_EXERCISE_:
Transcribe, word for word and without additions, each line below from the one containing "(\<lambda>c a. blinfun_apply" through the one containing "set \<Rightarrow> 'a", both ends included.

(Saved entries)
========================================
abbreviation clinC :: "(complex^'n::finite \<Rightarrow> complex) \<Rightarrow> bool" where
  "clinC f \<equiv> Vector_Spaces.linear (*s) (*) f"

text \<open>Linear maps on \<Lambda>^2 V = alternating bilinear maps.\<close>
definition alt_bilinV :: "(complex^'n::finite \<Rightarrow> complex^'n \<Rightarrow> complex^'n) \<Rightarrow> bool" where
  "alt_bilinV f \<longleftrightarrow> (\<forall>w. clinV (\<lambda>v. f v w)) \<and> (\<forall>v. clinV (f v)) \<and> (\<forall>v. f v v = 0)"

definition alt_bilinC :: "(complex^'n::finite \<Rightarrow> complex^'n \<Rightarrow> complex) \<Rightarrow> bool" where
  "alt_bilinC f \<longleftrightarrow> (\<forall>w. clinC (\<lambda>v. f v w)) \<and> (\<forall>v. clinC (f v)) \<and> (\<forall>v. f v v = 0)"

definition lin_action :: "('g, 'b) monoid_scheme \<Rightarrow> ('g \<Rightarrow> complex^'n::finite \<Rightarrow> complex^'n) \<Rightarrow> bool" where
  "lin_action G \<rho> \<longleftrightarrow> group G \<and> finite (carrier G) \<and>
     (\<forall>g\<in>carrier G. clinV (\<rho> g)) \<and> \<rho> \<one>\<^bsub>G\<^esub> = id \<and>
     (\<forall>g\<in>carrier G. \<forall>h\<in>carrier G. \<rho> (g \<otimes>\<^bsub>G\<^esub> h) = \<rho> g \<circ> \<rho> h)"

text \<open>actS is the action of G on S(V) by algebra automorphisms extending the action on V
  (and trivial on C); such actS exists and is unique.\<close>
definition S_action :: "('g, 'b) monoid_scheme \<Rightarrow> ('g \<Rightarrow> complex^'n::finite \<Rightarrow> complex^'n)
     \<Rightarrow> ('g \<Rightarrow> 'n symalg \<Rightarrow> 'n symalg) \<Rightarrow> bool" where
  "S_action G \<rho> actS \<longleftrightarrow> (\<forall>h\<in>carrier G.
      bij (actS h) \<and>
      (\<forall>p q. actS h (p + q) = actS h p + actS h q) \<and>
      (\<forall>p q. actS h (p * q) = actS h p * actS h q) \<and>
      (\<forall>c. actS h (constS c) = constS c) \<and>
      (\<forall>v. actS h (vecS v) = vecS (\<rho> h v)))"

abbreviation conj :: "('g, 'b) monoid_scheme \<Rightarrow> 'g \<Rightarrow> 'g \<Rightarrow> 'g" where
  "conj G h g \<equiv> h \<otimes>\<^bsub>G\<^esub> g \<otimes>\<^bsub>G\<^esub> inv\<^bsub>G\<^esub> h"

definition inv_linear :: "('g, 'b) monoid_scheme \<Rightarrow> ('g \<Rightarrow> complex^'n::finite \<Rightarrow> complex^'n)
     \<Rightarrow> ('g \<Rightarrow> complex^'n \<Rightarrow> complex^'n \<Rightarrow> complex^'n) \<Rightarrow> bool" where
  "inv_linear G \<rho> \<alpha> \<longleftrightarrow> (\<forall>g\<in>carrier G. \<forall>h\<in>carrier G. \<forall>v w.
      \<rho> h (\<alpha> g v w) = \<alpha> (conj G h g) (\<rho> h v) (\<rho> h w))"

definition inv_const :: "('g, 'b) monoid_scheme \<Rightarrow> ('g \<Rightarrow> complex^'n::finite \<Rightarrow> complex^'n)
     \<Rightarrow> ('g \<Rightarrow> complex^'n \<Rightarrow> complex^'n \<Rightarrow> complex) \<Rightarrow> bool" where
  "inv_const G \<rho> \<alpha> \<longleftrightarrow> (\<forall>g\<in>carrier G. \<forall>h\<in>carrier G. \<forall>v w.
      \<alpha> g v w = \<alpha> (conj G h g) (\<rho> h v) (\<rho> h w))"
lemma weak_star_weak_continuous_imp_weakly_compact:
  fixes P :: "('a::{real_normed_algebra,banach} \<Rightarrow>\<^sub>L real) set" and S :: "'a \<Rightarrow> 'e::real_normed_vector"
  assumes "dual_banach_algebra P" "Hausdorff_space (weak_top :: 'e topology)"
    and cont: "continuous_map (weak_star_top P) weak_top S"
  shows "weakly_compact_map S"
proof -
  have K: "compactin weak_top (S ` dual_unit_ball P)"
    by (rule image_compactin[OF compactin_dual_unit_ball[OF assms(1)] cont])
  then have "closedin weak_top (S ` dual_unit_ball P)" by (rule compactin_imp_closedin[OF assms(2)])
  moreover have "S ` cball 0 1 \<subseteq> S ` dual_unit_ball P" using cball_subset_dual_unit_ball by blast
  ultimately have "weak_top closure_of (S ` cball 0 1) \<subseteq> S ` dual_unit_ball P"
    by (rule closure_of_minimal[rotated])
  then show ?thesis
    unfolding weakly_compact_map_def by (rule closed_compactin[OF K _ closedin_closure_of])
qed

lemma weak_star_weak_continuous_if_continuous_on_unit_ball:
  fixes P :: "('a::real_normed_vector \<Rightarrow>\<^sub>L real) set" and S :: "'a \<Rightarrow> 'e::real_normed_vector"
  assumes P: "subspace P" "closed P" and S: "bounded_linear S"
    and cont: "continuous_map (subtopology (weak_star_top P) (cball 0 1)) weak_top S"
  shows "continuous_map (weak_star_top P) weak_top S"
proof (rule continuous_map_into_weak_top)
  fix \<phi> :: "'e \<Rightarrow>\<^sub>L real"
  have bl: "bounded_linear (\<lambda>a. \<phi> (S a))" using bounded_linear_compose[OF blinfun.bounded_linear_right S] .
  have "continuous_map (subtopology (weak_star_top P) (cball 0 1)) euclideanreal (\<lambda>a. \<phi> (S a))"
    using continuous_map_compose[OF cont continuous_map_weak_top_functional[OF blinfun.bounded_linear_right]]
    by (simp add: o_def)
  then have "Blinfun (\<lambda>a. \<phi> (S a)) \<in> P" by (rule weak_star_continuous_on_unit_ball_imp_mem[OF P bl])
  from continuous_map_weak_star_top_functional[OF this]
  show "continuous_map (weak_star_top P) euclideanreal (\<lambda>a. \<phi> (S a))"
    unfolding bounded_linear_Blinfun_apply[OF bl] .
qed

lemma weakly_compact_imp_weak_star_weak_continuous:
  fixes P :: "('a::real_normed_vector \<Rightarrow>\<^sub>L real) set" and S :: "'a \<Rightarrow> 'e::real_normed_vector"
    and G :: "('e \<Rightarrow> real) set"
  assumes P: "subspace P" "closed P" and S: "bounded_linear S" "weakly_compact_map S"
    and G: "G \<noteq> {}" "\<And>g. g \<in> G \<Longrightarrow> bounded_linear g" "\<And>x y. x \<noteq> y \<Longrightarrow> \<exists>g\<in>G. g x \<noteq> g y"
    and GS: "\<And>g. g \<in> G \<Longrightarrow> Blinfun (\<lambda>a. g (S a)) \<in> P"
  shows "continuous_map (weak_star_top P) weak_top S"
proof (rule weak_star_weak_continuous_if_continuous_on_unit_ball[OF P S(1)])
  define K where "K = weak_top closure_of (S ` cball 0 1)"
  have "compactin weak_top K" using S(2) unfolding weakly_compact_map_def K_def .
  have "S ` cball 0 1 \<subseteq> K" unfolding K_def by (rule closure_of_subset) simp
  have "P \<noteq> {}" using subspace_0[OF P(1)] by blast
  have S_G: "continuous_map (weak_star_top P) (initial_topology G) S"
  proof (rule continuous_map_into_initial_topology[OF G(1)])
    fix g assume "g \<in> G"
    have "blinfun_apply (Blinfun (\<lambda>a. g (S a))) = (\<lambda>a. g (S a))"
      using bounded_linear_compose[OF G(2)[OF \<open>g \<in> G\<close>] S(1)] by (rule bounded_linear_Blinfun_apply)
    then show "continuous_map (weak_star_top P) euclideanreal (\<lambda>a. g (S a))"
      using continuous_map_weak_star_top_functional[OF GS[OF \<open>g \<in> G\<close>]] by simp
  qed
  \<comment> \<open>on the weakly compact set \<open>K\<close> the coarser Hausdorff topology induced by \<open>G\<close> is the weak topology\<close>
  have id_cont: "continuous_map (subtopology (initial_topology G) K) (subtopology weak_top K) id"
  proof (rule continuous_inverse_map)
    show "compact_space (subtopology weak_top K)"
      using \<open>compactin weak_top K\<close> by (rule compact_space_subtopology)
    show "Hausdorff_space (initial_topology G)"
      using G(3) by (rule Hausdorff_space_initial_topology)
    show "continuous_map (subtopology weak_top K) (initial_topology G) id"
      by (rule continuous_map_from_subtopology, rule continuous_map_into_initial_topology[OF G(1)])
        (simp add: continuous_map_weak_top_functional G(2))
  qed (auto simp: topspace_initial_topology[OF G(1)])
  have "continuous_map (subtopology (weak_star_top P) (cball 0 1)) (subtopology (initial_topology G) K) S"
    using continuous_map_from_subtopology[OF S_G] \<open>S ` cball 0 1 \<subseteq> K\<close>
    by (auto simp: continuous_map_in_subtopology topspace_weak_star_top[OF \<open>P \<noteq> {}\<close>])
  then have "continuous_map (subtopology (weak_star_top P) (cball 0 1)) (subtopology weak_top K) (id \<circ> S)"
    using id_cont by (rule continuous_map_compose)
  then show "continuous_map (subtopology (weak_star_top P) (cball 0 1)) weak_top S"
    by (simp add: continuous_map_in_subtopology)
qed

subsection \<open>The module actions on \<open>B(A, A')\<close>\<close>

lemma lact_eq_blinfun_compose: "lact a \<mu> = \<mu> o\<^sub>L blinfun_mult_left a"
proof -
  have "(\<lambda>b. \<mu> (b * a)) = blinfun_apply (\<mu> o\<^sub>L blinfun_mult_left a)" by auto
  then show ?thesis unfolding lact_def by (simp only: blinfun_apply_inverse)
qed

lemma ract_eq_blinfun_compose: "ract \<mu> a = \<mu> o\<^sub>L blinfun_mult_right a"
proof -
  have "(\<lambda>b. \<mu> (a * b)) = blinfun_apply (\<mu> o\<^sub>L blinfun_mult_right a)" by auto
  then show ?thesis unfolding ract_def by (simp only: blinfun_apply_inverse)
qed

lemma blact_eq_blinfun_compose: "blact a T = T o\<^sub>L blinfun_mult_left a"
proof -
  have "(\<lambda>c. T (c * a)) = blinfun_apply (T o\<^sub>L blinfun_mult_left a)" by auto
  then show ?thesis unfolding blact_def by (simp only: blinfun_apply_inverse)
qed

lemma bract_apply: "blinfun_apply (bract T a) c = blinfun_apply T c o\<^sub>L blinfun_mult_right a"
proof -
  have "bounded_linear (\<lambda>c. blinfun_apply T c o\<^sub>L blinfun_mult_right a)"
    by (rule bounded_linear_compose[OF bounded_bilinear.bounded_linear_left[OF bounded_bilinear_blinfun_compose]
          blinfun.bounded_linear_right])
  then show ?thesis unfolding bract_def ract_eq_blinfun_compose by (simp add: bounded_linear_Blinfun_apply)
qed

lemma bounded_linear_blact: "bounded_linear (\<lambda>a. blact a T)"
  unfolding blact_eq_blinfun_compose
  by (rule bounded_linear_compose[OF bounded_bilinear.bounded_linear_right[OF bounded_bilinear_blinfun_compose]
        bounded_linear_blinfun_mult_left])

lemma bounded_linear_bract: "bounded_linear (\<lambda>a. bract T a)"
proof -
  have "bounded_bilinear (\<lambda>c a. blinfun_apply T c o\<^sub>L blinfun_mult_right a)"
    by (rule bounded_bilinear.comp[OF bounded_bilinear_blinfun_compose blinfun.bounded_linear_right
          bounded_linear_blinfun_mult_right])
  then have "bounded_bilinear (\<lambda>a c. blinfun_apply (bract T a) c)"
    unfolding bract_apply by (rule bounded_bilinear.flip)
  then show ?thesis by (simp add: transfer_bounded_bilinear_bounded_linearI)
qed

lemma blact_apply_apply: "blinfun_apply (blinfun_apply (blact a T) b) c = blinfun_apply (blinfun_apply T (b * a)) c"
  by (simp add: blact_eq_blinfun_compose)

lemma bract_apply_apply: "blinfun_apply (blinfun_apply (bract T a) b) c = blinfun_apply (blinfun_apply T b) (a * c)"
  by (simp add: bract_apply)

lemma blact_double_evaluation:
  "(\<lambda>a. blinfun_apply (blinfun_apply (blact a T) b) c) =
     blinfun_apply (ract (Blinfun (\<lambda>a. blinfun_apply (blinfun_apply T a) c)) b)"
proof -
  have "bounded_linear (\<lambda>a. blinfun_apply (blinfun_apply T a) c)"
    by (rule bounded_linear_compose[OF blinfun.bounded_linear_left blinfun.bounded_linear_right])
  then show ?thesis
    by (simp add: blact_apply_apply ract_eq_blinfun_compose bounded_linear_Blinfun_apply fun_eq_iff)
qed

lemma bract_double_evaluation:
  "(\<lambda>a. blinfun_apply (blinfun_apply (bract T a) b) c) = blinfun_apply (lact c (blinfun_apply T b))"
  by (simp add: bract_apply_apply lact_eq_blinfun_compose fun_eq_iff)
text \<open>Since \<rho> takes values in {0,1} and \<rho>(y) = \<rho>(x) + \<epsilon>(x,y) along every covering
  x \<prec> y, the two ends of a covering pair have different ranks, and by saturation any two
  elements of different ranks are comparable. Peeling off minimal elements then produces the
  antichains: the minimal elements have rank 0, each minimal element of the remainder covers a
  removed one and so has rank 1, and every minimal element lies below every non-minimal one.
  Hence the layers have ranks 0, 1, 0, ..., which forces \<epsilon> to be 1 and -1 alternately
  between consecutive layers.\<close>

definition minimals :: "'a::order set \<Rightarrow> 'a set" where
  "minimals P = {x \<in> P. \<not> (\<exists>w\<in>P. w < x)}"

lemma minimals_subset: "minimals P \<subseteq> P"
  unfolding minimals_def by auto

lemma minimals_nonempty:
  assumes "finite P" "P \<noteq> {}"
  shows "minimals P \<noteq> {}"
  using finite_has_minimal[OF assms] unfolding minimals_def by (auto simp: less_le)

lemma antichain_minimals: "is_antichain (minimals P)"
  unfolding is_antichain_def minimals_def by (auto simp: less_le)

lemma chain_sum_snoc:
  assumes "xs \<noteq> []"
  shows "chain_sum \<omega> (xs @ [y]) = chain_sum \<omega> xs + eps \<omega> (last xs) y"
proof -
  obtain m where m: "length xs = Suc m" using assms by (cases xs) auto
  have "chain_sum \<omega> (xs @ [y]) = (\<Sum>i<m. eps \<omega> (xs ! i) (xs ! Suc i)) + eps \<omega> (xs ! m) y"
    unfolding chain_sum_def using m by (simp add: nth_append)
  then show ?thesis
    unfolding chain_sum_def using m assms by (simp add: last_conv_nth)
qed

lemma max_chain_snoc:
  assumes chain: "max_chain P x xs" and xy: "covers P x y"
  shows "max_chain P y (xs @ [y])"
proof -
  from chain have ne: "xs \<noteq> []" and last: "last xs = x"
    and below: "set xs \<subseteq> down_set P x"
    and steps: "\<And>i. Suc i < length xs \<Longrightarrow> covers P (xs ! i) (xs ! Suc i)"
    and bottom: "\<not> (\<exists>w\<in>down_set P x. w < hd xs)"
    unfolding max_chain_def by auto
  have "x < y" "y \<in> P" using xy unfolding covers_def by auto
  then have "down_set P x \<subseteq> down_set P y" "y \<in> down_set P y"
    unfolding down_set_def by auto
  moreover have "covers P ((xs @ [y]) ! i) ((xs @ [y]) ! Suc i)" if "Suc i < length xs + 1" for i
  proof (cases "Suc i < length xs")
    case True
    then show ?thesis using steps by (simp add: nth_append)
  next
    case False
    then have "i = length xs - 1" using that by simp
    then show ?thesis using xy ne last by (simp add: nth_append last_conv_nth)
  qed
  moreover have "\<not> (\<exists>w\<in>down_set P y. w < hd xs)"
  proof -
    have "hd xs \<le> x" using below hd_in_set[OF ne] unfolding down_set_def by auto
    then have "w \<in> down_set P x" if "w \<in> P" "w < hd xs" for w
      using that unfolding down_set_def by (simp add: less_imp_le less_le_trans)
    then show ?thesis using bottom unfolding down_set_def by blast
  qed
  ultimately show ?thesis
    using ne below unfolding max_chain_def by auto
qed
========================================
_SOLUTION TO THIS TASK_:
  have "bounded_bilinear (\<lambda>c a. blinfun_apply T c o\<^sub>L blinfun_mult_right a)"
    by (rule bounded_bilinear.comp[OF bounded_bilinear_blinfun_compose blinfun.bounded_linear_right
          bounded_linear_blinfun_mult_right])
  then have "bounded_bilinear (\<lambda>a c. blinfun_apply (bract T a) c)"
    unfolding bract_apply by (rule bounded_bilinear.flip)
  then show ?thesis by (simp add: transfer_bounded_bilinear_bounded_linearI)
qed

lemma blact_apply_apply: "blinfun_apply (blinfun_apply (blact a T) b) c = blinfun_apply (blinfun_apply T (b * a)) c"
  by (simp add: blact_eq_blinfun_compose)

lemma bract_apply_apply: "blinfun_apply (blinfun_apply (bract T a) b) c = blinfun_apply (blinfun_apply T b) (a * c)"
  by (simp add: bract_apply)

lemma blact_double_evaluation:
  "(\<lambda>a. blinfun_apply (blinfun_apply (blact a T) b) c) =
     blinfun_apply (ract (Blinfun (\<lambda>a. blinfun_apply (blinfun_apply T a) c)) b)"
proof -
  have "bounded_linear (\<lambda>a. blinfun_apply (blinfun_apply T a) c)"
    by (rule bounded_linear_compose[OF blinfun.bounded_linear_left blinfun.bounded_linear_right])
  then show ?thesis
    by (simp add: blact_apply_apply ract_eq_blinfun_compose bounded_linear_Blinfun_apply fun_eq_iff)
qed

lemma bract_double_evaluation:
  "(\<lambda>a. blinfun_apply (blinfun_apply (bract T a) b) c) = blinfun_apply (lact c (blinfun_apply T b))"
  by (simp add: bract_apply_apply lact_eq_blinfun_compose fun_eq_iff)
text \<open>Since \<rho> takes values in {0,1} and \<rho>(y) = \<rho>(x) + \<epsilon>(x,y) along every covering
  x \<prec> y, the two ends of a covering pair have different ranks, and by saturation any two
  elements of different ranks are comparable. Peeling off minimal elements then produces the
  antichains: the minimal elements have rank 0, each minimal element of the remainder covers a
  removed one and so has rank 1, and every minimal element lies below every non-minimal one.
  Hence the layers have ranks 0, 1, 0, ..., which forces \<epsilon> to be 1 and -1 alternately
  between consecutive layers.\<close>

definition minimals :: "'a::order set \<Rightarrow> 'a set" where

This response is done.